The use of man-made fiber fabrics heretofore as backing members for coated abrasive material, except for polynosic rayon, has met with only very limited success. Among other things, especially with polyester fabrics, adhesion between the backing member and the maker adhesive has not been completely satisfactory. Conventional maker adhesives of phenolic resins do not wet polyester fibers; therefore no chemical bonding occurs between the maker adhesive and backing member. Adhesion is solely mechanical and this has been found to be somewhat limited. This results in shedding of the abrasive grain when the abrasive material is still useful.
One of the major problems, however, in the past deterring the use of man-made fiber fabrics results from the fact that, e.g., available polyester fabrics have lacked suitable dimensional stability. This is particularly true even where these fabrics are dimensionally stabilized as mentioned in Canadian Pat. No. 676,601, particularly where the coated abrasive material is used in the manufacture of larger abrasive belts such as used in plywood sanding or in applications where the coated abrasive belt is subjected to relatively high tensile forces.
A fabric can be somewhat dimensionally stabilized by either stretching the fabric, and this is disclosed in the prior art, or already stretched yarns can be used in weaving the fabric. This is the manner of providing a dimensionally stabilized coated abrasive backing member of nylon film disclosed in U.S. Pat. No. 2,712,987, earlier mentioned in the description of the prior art. U.S. Pat. No. 3,517,425 disclosed heat stretching tire fabric to reduce its elongation in use.
Other means of providing some dimensional stability to fabrics involves application of coating materials to the fabric. Such a method of stabilizing a fabric is disclosed in U.S. Pat. No. 2,977,665 wherein a polymeric material such as a mixture of thermosetting and thermoplastic resins is applied to the fabric, and while the fabric is stretched, the resinous material is cured.

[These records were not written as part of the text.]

(* Let $(W,\odot,\mathbb{1})$ be a monoid and let $(M,+,\mathbb{0},\otimes)$ be an $\omega$-continuous (left) $W$-module, with module of weightings $\mathrm{Wt}=M^\Sigma$. For every $W$-wgcl program $C$, the transformer $\mathrm{wp}[\![C]\!]$ is (1) monotone: for all $f,g\in\mathrm{Wt}$, $f\preceq g$ implies $\mathrm{wp}[\![C]\!](f)\preceq\mathrm{wp}[\![C]\!](g)$; (2) strict: $\mathrm{wp}[\![C]\!](\mathbb{0})=\mathbb{0}$; (3) additive: for all $f,g\in\mathrm{Wt}$, $\mathrm{wp}[\![C]\!](f+g)=\mathrm{wp}[\![C]\!](f)+\mathrm{wp}[\![C]\!](g)$; (4) if moreover the monoid $W$ is commutative, then $\mathrm{wp}$ is homogeneous: for all $a\in W$ and $f\in\mathrm{Wt}$, $\mathrm{wp}[\![C]\!](a\otimes f)=a\otimes\mathrm{wp}[\![C]\!](f)$ (so that, together with (3), $\mathrm{wp}[\![C]\!]$ is linear).
   Context: A (left) module over a monoid $(W,\odot,\mathbb{1})$ is a commutative monoid $(M,+,\mathbb{0})$ with an action $\otimes\colon W\times M\to M$ such that $(v\odot w)\otimes a=v\otimes(w\otimes a)$, $v\otimes(a+b)=(v\otimes a)+(v\otimes b)$, $\mathbb{1}\otimes a=a$ and $v\otimes\mathbb{0}=\mathbb{0}$ for all $v,w\in W$, $a,b\in M$. The natural order on $M$ is $a\preceq b$ iff there is $c\in M$ with $a+c=b$; $M$ is naturally ordered if $\preceq$ is a partial order. $M$ is $\omega$-continuous if it is naturally ordered, every increasing $\omega$-chain in $(M,\preceq)$ has a supremum, and addition (in each argument) and, for each fixed $w\in W$, the map $a\mapsto w\otimes a$ preserve suprema of increasing $\omega$-chains. Program states: $\Sigma$ is the set of states (maps from program variables to values); an expression $E$ has value $E(\sigma)$ in state $\sigma$; guards $\varphi$ are predicates on states; $\sigma[x\mapsto v]$ is $\sigma$ with $x$ updated to $v$. $W$-wgcl programs are generated by $C::= x:=E \mid C;C \mid \mathtt{if}(\varphi)\{C\}\mathtt{else}\{C\} \mid \{C\}\oplus\{C\} \mid \mathtt{weight}\ a\ (a\in W) \mid \mathtt{while}(\varphi)\{C\}$. Weightings: $\mathrm{Wt}=M^{\Sigma}$ with pointwise addition, zero $\mathbb{0}$, scalar multiplication $(a\otimes f)(\sigma)=a\otimes f(\sigma)$ and pointwise natural order $\preceq$. $([\varphi]\cdot f)(\sigma)=f(\sigma)$ if $\sigma\models\varphi$ and $\mathbb{0}$ otherwise; $f[x/E](\sigma)=f(\sigma[x\mapsto E(\sigma)])$. The weakest preweighting transformer: $\mathrm{wp}[\![x:=E]\!](f)=f[x/E]$; $\mathrm{wp}[\![C_1;C_2]\!](f)=\mathrm{wp}[\![C_1]\!](\mathrm{wp}[\![C_2]\!](f))$; $\mathrm{wp}[\![\mathtt{if}(\varphi)\{C_1\}\mathtt{else}\{C_2\}]\!](f)=[\varphi]\cdot\mathrm{wp}[\![C_1]\!](f)+[\neg\varphi]\cdot\mathrm{wp}[\![C_2]\!](f)$; $\mathrm{wp}[\![\{C_1\}\oplus\{C_2\}]\!](f)=\mathrm{wp}[\![C_1]\!](f)+\mathrm{wp}[\![C_2]\!](f)$; $\mathrm{wp}[\![\mathtt{weight}\ a]\!](f)=a\otimes f$; $\mathrm{wp}[\![\mathtt{while}(\varphi)\{C'\}]\!](f)$ is the least fixed point (w.r.t. $\preceq$) of $X\mapsto[\neg\varphi]\cdot f+[\varphi]\cdot\mathrm{wp}[\![C']\!](X)$. *)

theory Defs
  imports Main
begin

definition nat_le :: "'m::comm_monoid_add \<Rightarrow> 'm \<Rightarrow> bool" where
  "nat_le a b \<longleftrightarrow> (\<exists>c. a + c = b)"

definition is_module :: "('w::monoid_mult \<Rightarrow> 'm::comm_monoid_add \<Rightarrow> 'm) \<Rightarrow> bool" where
  "is_module act \<longleftrightarrow>
     (\<forall>(v::'w) w (a::'m). act (v * w) a = act v (act w a)) \<and>
     (\<forall>(v::'w) (a::'m) b. act v (a + b) = act v a + act v b) \<and>
     (\<forall>a::'m. act 1 a = a) \<and>
     (\<forall>v::'w. act v 0 = 0)"

definition naturally_ordered :: "'m::comm_monoid_add itself \<Rightarrow> bool" where
  "naturally_ordered _ \<longleftrightarrow> (\<forall>a b::'m. nat_le a b \<and> nat_le b a \<longrightarrow> a = b)"
  \<comment> \<open>reflexivity and transitivity of nat_le always hold; partial order = antisymmetry\<close>

definition omega_chain :: "(nat \<Rightarrow> 'm::comm_monoid_add) \<Rightarrow> bool" where
  "omega_chain c \<longleftrightarrow> (\<forall>n. nat_le (c n) (c (Suc n)))"

definition is_sup :: "(nat \<Rightarrow> 'm::comm_monoid_add) \<Rightarrow> 'm \<Rightarrow> bool" where
  "is_sup c s \<longleftrightarrow> (\<forall>n. nat_le (c n) s) \<and> (\<forall>u. (\<forall>n. nat_le (c n) u) \<longrightarrow> nat_le s u)"

definition omega_cont_module :: "('w::monoid_mult \<Rightarrow> 'm::comm_monoid_add \<Rightarrow> 'm) \<Rightarrow> bool" where
  "omega_cont_module act \<longleftrightarrow>
     is_module act \<and>
     naturally_ordered TYPE('m) \<and>
     (\<forall>c::nat \<Rightarrow> 'm. omega_chain c \<longrightarrow> (\<exists>s. is_sup c s)) \<and>
     (\<forall>(c::nat \<Rightarrow> 'm) s a. omega_chain c \<longrightarrow> is_sup c s \<longrightarrow> is_sup (\<lambda>n. a + c n) (a + s)) \<and>
     (\<forall>(c::nat \<Rightarrow> 'm) s a. omega_chain c \<longrightarrow> is_sup c s \<longrightarrow> is_sup (\<lambda>n. c n + a) (s + a)) \<and>
     (\<forall>(c::nat \<Rightarrow> 'm) s w. omega_chain c \<longrightarrow> is_sup c s \<longrightarrow> is_sup (\<lambda>n. act w (c n)) (act w s))"

text \<open>States: maps from program variables 'v to values 'a. Expressions are
  functions from states to values, guards are predicates on states.\<close>

datatype ('v, 'a, 'w) wgcl =
    Assign 'v "('v \<Rightarrow> 'a) \<Rightarrow> 'a"
  | Seq "('v, 'a, 'w) wgcl" "('v, 'a, 'w) wgcl"
  | Ite "('v \<Rightarrow> 'a) \<Rightarrow> bool" "('v, 'a, 'w) wgcl" "('v, 'a, 'w) wgcl"
  | Branch "('v, 'a, 'w) wgcl" "('v, 'a, 'w) wgcl"
  | Weight 'w
  | While "('v \<Rightarrow> 'a) \<Rightarrow> bool" "('v, 'a, 'w) wgcl"

definition wt_le :: "('s \<Rightarrow> 'm::comm_monoid_add) \<Rightarrow> ('s \<Rightarrow> 'm) \<Rightarrow> bool" where
  "wt_le f g \<longleftrightarrow> (\<forall>\<sigma>. nat_le (f \<sigma>) (g \<sigma>))"

definition iv :: "('s \<Rightarrow> bool) \<Rightarrow> ('s \<Rightarrow> 'm::comm_monoid_add) \<Rightarrow> 's \<Rightarrow> 'm" where
  "iv \<phi> f = (\<lambda>\<sigma>. if \<phi> \<sigma> then f \<sigma> else 0)"

definition wt_lfp :: "(('s \<Rightarrow> 'm::comm_monoid_add) \<Rightarrow> ('s \<Rightarrow> 'm)) \<Rightarrow> ('s \<Rightarrow> 'm)" where
  "wt_lfp \<Phi> = (THE X. \<Phi> X = X \<and> (\<forall>Y. \<Phi> Y = Y \<longrightarrow> wt_le X Y))"

primrec wp :: "('w::monoid_mult \<Rightarrow> 'm::comm_monoid_add \<Rightarrow> 'm) \<Rightarrow> ('v, 'a, 'w) wgcl
               \<Rightarrow> (('v \<Rightarrow> 'a) \<Rightarrow> 'm) \<Rightarrow> (('v \<Rightarrow> 'a) \<Rightarrow> 'm)" where
  "wp act (Assign x E) f = (\<lambda>\<sigma>. f (\<sigma>(x := E \<sigma>)))"
| "wp act (Seq C1 C2) f = wp act C1 (wp act C2 f)"
| "wp act (Ite \<phi> C1 C2) f =
     (\<lambda>\<sigma>. iv \<phi> (wp act C1 f) \<sigma> + iv (\<lambda>\<tau>. \<not> \<phi> \<tau>) (wp act C2 f) \<sigma>)"
| "wp act (Branch C1 C2) f = (\<lambda>\<sigma>. wp act C1 f \<sigma> + wp act C2 f \<sigma>)"
| "wp act (Weight a) f = (\<lambda>\<sigma>. act a (f \<sigma>))"
| "wp act (While \<phi> C) f =
     wt_lfp (\<lambda>X \<sigma>. iv (\<lambda>\<tau>. \<not> \<phi> \<tau>) f \<sigma> + iv \<phi> (wp act C X) \<sigma>)"

end

theory Submission
  imports Defs "HOL-Library.Function_Algebras"
begin

text \<open>Every transformer wp C is assembled from substitution, guards, the action of a
  weight, sums, composition, and least fixed points of affine functionals
  X \<mapsto> A f + B X. Weightings again form an \<omega>-continuous module, and each of these
  operations preserves \<omega>-continuity, additivity and strictness, and (when W is
  commutative, so that weights commute with one another) homogeneity. For loops this
  rests on Kleene's theorem: the least fixed point is the supremum of the approximants,
  the approximants inherit each property by induction on their depth, and suprema of
  chains commute with addition, with the action and with each other. Monotonicity is
  a consequence of continuity.\<close>

section \<open>Natural order, chains and suprema\<close>

lemma nat_le_refl: "nat_le a a"
  unfolding nat_le_def by (metis add_0_right)

lemma nat_le_trans: "nat_le a b \<Longrightarrow> nat_le b c \<Longrightarrow> nat_le a c"
  unfolding nat_le_def by (metis add.assoc)

lemma zero_nat_le: "nat_le 0 a"
  unfolding nat_le_def by simp

lemma nat_le_add_mono: "nat_le a b \<Longrightarrow> nat_le c d \<Longrightarrow> nat_le (a + c) (b + d)"
  unfolding nat_le_def by (metis add.assoc add.left_commute)

lemma omega_chain_mono:
  assumes "omega_chain c" and "n \<le> m"
  shows "nat_le (c n) (c m)"
  using assms(2)
proof (induction m rule: dec_induct)
  case base
  show ?case by (rule nat_le_refl)
next
  case (step m)
  with assms(1) show ?case
    unfolding omega_chain_def by (blast intro: nat_le_trans)
qed

lemma is_sup_upper: "is_sup c s \<Longrightarrow> nat_le (c n) s"
  unfolding is_sup_def by blast

lemma is_sup_least: "is_sup c s \<Longrightarrow> (\<And>n. nat_le (c n) u) \<Longrightarrow> nat_le s u"
  unfolding is_sup_def by blast

lemma is_sup_const: "is_sup (\<lambda>_. a) a"
  unfolding is_sup_def by (simp add: nat_le_refl)

lemma is_sup_Suc: "omega_chain c \<Longrightarrow> is_sup c s \<Longrightarrow> is_sup (\<lambda>n. c (Suc n)) s"
  unfolding is_sup_def omega_chain_def by (blast intro: nat_le_trans)

lemma is_sup_swap:
  assumes rows: "\<And>n. is_sup (\<lambda>k. a n k) (r n)"
    and cols: "\<And>k. is_sup (\<lambda>n. a n k) (c k)"
    and "is_sup r s"
  shows "is_sup c s"
  unfolding is_sup_def
proof (intro conjI allI impI)
  fix k
  have "nat_le (a n k) s" for n
    using is_sup_upper[OF rows] is_sup_upper[OF \<open>is_sup r s\<close>] by (rule nat_le_trans)
  then show "nat_le (c k) s" by (rule is_sup_least[OF cols])
next
  fix u assume "\<forall>k. nat_le (c k) u"
  then have "nat_le (a n k) u" for n k
    using is_sup_upper[OF cols] nat_le_trans by blast
  then have "nat_le (r n) u" for n by (rule is_sup_least[OF rows])
  then show "nat_le s u" by (rule is_sup_least[OF \<open>is_sup r s\<close>])
qed

section \<open>Continuous, additive and homogeneous maps\<close>

definition chain_continuous :: "('a::comm_monoid_add \<Rightarrow> 'b::comm_monoid_add) \<Rightarrow> bool" where
  "chain_continuous T \<longleftrightarrow> (\<forall>c s. omega_chain c \<longrightarrow> is_sup c s \<longrightarrow> is_sup (\<lambda>n. T (c n)) (T s))"

lemma chain_continuousD:
  "chain_continuous T \<Longrightarrow> omega_chain c \<Longrightarrow> is_sup c s \<Longrightarrow> is_sup (\<lambda>n. T (c n)) (T s)"
  unfolding chain_continuous_def by blast

lemma chain_continuous_imp_mono:
  assumes "chain_continuous T"
  shows "monotone nat_le nat_le T"
proof
  fix x y :: 'a assume "nat_le x y"
  define c where "c n = (if n = 0 then x else y)" for n :: nat
  have "omega_chain c"
    unfolding omega_chain_def c_def using \<open>nat_le x y\<close> by (simp add: nat_le_refl)
  moreover have "is_sup c y"
    unfolding is_sup_def c_def using \<open>nat_le x y\<close> by (metis nat_le_refl zero_neq_one)
  ultimately have "is_sup (\<lambda>n. T (c n)) (T y)" by (rule chain_continuousD[OF assms])
  from is_sup_upper[OF this, of 0] show "nat_le (T x) (T y)" by (simp add: c_def)
qed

One might readily assume from the above prior art, that an obvious solution to undesired fabric elongation in a polyester fabric backing member in coated abrasive material, during usage of the abrasive material, would be to stretch the woven greige fabric intended to be used as a backing member even more than has been done in the past, particularly with respect to cotton fabrics. However, this approach has been found to accomplish little in the fabric constructions conventionally used except to finally result in a torn fabric. The yarns have been found to become so jammed up in the fabric being subjected to high pull-down forces to reduce elongation to the desired level that further stress on the fabric merely results in tearing.
When a backing member of polyester yarns is provided of the same cloth construction found most suitable, in cotton drills and jeans, the woven fabric has been found to have elongation at levels ranging from 25% to 85% in the warp direction and up to 135% in the fill. About 10-20% of the total elongation can be removed by conventional mechanical pull-down techniques; however, beyond this the fabric jams, i.e., during pull-down, the warp and fill yarns move closer and closer together thereby increasing percent fabric cover. When jamming occurs, increased tension only results in tearing.
Part of the remaining elongation can be removed by means of chemical stabilization, i.e., application of resinous coatings; however, this can be accomplished only at the expense of reduced physical characteristics such as tensile and tear strength. This of course is undesirable.